The recognition performances for the four-finger vein pattern, palm, and palm dorsal patterns are compared in verification mode, which are as follows:
From Table 3, it can be seen that the four-finger vein pattern can achieve EER=2.14. Although the performance of recognition by four-finger vein pattern does not outperform those for palmprint and palm-vein pattern, the accuracy of the proposed pattern can meet the needs of mobile applications.

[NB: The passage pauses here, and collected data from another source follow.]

(* Let $n,m\ge 2$ and let $\mathsf{R}=(\mathsf{R}_1,\dots,\mathsf{R}_m)\in(0,1]^m$. Consider the game $\mathcal{G}_{\rm perfect}$ in which each of the $n$ players $P_1,\dots,P_n$ chooses a mixed strategy $s^{(i)}=(s^{(i)}_1,\dots,s^{(i)}_m)\in\Delta_m$ (a probability vector over the $m$ servers) and receives expected utility $$u_i(s^{(1)},\dots,s^{(n)})=\sum_{j=1}^m \mathsf{R}_j\,\frac{s^{(i)}_j}{\sum_{k=1}^n s^{(k)}_j},$$ where a term with vanishing denominator is taken to be $0$. Then $\mathcal{G}_{\rm perfect}$ has a unique Nash equilibrium, namely the symmetric profile $s^*=(s^{*(1)},\dots,s^{*(n)})$ with $s^{*(i)}=\mathsf{N}(\mathsf{R})$ for every $i\in[n]$.
   Context: For a nonzero vector $v\in[0,\infty)^m$, $\mathsf{N}(v)=\big(v_1/\|v\|_1,\dots,v_m/\|v\|_1\big)$ denotes its $L_1$-normalization. $\Delta_m=\{x\in[0,1]^m:\sum_j x_j=1\}$. Interpretation: $\mathsf{R}_j$ is the trustworthiness (probability of correct behaviour) of server $j$, known to all players (perfect information); the utility is the expected reward when server $j$ yields a unit reward with probability $\mathsf{R}_j$, split among players in proportion to their endorsement probabilities of server $j$. (In the paper's full game players may also endorse other players, but such actions are dominated; the game above is the resulting game with actions restricted to the servers.) A Nash equilibrium is a profile of mixed strategies in which no player can increase her expected utility by unilaterally changing her strategy. *)

theory Defs
  imports Complex_Main
begin

text \<open>Players are indexed by 0..<n, servers by 0..<m.
  A strategy profile is s :: nat => nat => real, where s i j is the probability
  with which player i endorses server j.\<close>

definition simplex :: "nat \<Rightarrow> (nat \<Rightarrow> real) \<Rightarrow> bool" where
  "simplex m x \<longleftrightarrow> (\<forall>j<m. 0 \<le> x j \<and> x j \<le> 1) \<and> (\<Sum>j<m. x j) = 1"

definition l1_normalize :: "nat \<Rightarrow> (nat \<Rightarrow> real) \<Rightarrow> (nat \<Rightarrow> real)" where
  "l1_normalize m v = (\<lambda>j. v j / (\<Sum>k<m. \<bar>v k\<bar>))"

text \<open>Expected utility of player i; division by 0 yields 0 in Isabelle/HOL,
  matching the convention that terms with vanishing denominator are 0.\<close>
definition utility :: "nat \<Rightarrow> nat \<Rightarrow> (nat \<Rightarrow> real) \<Rightarrow> (nat \<Rightarrow> nat \<Rightarrow> real) \<Rightarrow> nat \<Rightarrow> real" where
  "utility n m R s i = (\<Sum>j<m. R j * (s i j / (\<Sum>k<n. s k j)))"

definition nash_eq :: "nat \<Rightarrow> nat \<Rightarrow> (nat \<Rightarrow> real) \<Rightarrow> (nat \<Rightarrow> nat \<Rightarrow> real) \<Rightarrow> bool" where
  "nash_eq n m R s \<longleftrightarrow>
     (\<forall>i<n. simplex m (s i)) \<and>
     (\<forall>i<n. \<forall>t. simplex m t \<longrightarrow> utility n m R (s(i := t)) i \<le> utility n m R s i)"

end

theory Submission
  imports Defs
begin

text \<open>Each player's utility is concave in her own strategy, and in the symmetric profile
  \<open>N(R)\<close> the tangent-line bound shows that no deviation pays off, so \<open>N(R)\<close> is an equilibrium.
  Conversely, in any equilibrium every server carries positive load (otherwise moving a little
  mass onto an empty server would win its whole reward), and first-order conditions on the
  one-sided derivative \<open>R\<^sub>j (T\<^sub>j - s\<^sub>i\<^sub>j) / T\<^sub>j\<^sup>2\<close> (\<open>T\<^sub>j\<close> the load of server \<open>j\<close>) force all
  players to play the same strategy \<open>x\<close>; for that strategy the derivative is proportional to
  \<open>R\<^sub>j / x\<^sub>j\<close>, which must therefore be constant, i.e. \<open>x = N(R)\<close>.\<close>

abbreviation load :: "nat \<Rightarrow> (nat \<Rightarrow> nat \<Rightarrow> real) \<Rightarrow> nat \<Rightarrow> real" where
  "load n s j \<equiv> \<Sum>k<n. s k j"

definition marginal_utility ::
    "nat \<Rightarrow> (nat \<Rightarrow> real) \<Rightarrow> (nat \<Rightarrow> nat \<Rightarrow> real) \<Rightarrow> nat \<Rightarrow> nat \<Rightarrow> real" where
  "marginal_utility n R s i j = R j * (load n s j - s i j) / (load n s j)\<^sup>2"

lemma simplex_iff_nonneg_sum:
  "simplex m x \<longleftrightarrow> (\<forall>j<m. 0 \<le> x j) \<and> (\<Sum>j<m. x j) = 1"
proof -
  have "x j \<le> (\<Sum>j<m. x j)" if "\<forall>j<m. 0 \<le> x j" "j < m" for j
    using that by (intro member_le_sum) auto
  then show ?thesis unfolding simplex_def by auto
qed

lemma sum_fun_upd_lessThan:
  fixes s :: "nat \<Rightarrow> 'a \<Rightarrow> 'b::ab_group_add"
  assumes "i < n"
  shows "(\<Sum>k<n. (s(i := t)) k j) = (\<Sum>k<n. s k j) - s i j + t j"
proof -
  have "(\<Sum>k<n. (s(i := t)) k j) = (\<Sum>k<n. s k j + (if k = i then t j - s i j else 0))"
    by (rule sum.cong) auto
  also have "\<dots> = (\<Sum>k<n. s k j) - s i j + t j"
    using assms by (simp add: sum.distrib)
  finally show ?thesis .
qed

lemma utility_fun_upd:
  assumes "i < n"
  shows "utility n m R (s(i := t)) i = (\<Sum>j<m. R j * (t j / (load n s j - s i j + t j)))"
  unfolding utility_def sum_fun_upd_lessThan[OF assms] by simp

lemma nash_eq_simplex:
  assumes "nash_eq n m R s" "i < n"
  shows "\<forall>j<m. 0 \<le> s i j" "(\<Sum>j<m. s i j) = 1"
  using assms unfolding nash_eq_def simplex_iff_nonneg_sum by auto

lemma nonpos_of_limit_at_right:
  fixes f :: "real \<Rightarrow> real"
  assumes "(f \<longlongrightarrow> L) (at_right 0)" "0 < d" "\<And>e. 0 < e \<Longrightarrow> e < d \<Longrightarrow> f e \<le> 0"
  shows "L \<le> 0"
proof (rule tendsto_upperbound[OF assms(1)])
  show "eventually (\<lambda>e. f e \<le> 0) (at_right 0)"
    unfolding eventually_at_right_field using assms(2,3) by auto
qed simp

lemma nash_eq_shift_le:
  assumes N: "nash_eq n m R s" and i: "i < n" and j: "j < m" and k: "k < m" and "j \<noteq> k"
    and e: "0 < e" "e \<le> s i j"
  shows "R k * ((s i k + e) / (load n s k + e) - s i k / load n s k)
       \<le> R j * (s i j / load n s j - (s i j - e) / (load n s j - e))"
proof -
  define t where "t = (\<lambda>l. s i l - (if l = j then e else 0) + (if l = k then e else 0))"
  have "simplex m t"
    using nash_eq_simplex[OF N i] j k e \<open>j \<noteq> k\<close>
    by (auto simp: simplex_iff_nonneg_sum t_def sum.distrib sum_subtractf)
  then have "utility n m R (s(i := t)) i \<le> utility n m R s i"
    using N i unfolding nash_eq_def by blast
  moreover have "utility n m R (s(i := t)) i - utility n m R (s(i := s i)) i
      = (\<Sum>l<m. (if l = k then R k * ((s i k + e) / (load n s k + e) - s i k / load n s k) else 0)
           - (if l = j then R j * (s i j / load n s j - (s i j - e) / (load n s j - e)) else 0))"
    unfolding utility_fun_upd[OF i] sum_subtractf[symmetric]
    by (rule sum.cong) (use \<open>j \<noteq> k\<close> in \<open>auto simp: t_def right_diff_distrib\<close>)
  ultimately show ?thesis
    using j k by (simp add: sum_subtractf)
qed

lemma nash_eq_load_pos:
  assumes N: "nash_eq n m R s" and "0 < n" and R: "\<forall>j<m. 0 < R j" and j: "j < m"
  shows "0 < load n s j"
proof (rule ccontr)
  have nonneg: "\<And>q l. q < n \<Longrightarrow> l < m \<Longrightarrow> 0 \<le> s q l"
    using nash_eq_simplex(1)[OF N] by blast
  assume "\<not> 0 < load n s j"
  then have load0: "load n s j = 0"
    using sum_nonneg[of "{..<n}" "\<lambda>q. s q j"] nonneg j by force
  then have s0j: "s 0 j = 0"
    using sum_nonneg_eq_0_iff[of "{..<n}" "\<lambda>q. s q j"] nonneg j \<open>0 < n\<close> by auto
  obtain l where l: "l < m" "0 < s 0 l"
  proof -
    have "(\<Sum>l<m. s 0 l) \<noteq> 0" using nash_eq_simplex(2)[OF N \<open>0 < n\<close>] by simp
    then obtain l where "l < m" "s 0 l \<noteq> 0" by (meson lessThan_iff sum.neutral)
    then show thesis using that nonneg[OF \<open>0 < n\<close>] by force
  qed
  have "l \<noteq> j" using l s0j by auto
  define b where "b = s 0 l"
  define B where "B = load n s l"
  have "b \<le> B" unfolding b_def B_def
    using nonneg l(1) \<open>0 < n\<close> by (intro member_le_sum) auto
  have "0 < b" using l by (simp add: b_def)
  \<comment> \<open>Shifting \<open>e\<close> from \<open>l\<close> to the empty server \<open>j\<close> wins all of \<open>R\<^sub>j\<close>, at a cost vanishing with \<open>e\<close>.\<close>
  have "((\<lambda>e. R j - R l * (b / B - (b - e) / (B - e)))
      \<longlongrightarrow> R j - R l * (b / B - (b - 0) / (B - 0))) (at_right 0)"
    using \<open>b \<le> B\<close> \<open>0 < b\<close> by (intro tendsto_intros) auto
  then have "R j - R l * (b / B - (b - 0) / (B - 0)) \<le> 0"
  proof (rule nonpos_of_limit_at_right[OF _ \<open>0 < b\<close>])
    fix e :: real assume "0 < e" "e < b"
    then show "R j - R l * (b / B - (b - e) / (B - e)) \<le> 0"
      using nash_eq_shift_le[OF N \<open>0 < n\<close> l(1) j \<open>l \<noteq> j\<close>, of e] s0j load0
      by (auto simp: b_def B_def)
  qed
  moreover have "0 < R j" using R j by blast
  ultimately show False by simp
qed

[TABLE 3.] List of relative biometrics and their performances in verification mode
List of relative biometrics and their performances in verification mode
Previous studies have focused on transmission-type finger vein recognition, or reflection-type recognition that uses palm or palm dorsa rather than the finger region, and are therefore not suitable for mobile consumer device application. In this paper, reflection-type finger vein recognition that can be used in mobile consumer electronics was proposed. Based on a reflection-type finger vein image database, the proposed method achieved a recognition rate of 97.3% when six images are in the training set. Although the recognition rate is not better than that for transmission-type recognition, the proposed reflection-type finger vein recognition can be used for personal identification and it is suitable for mobile consumer applications, which cannot be implemented by a transmission-type method.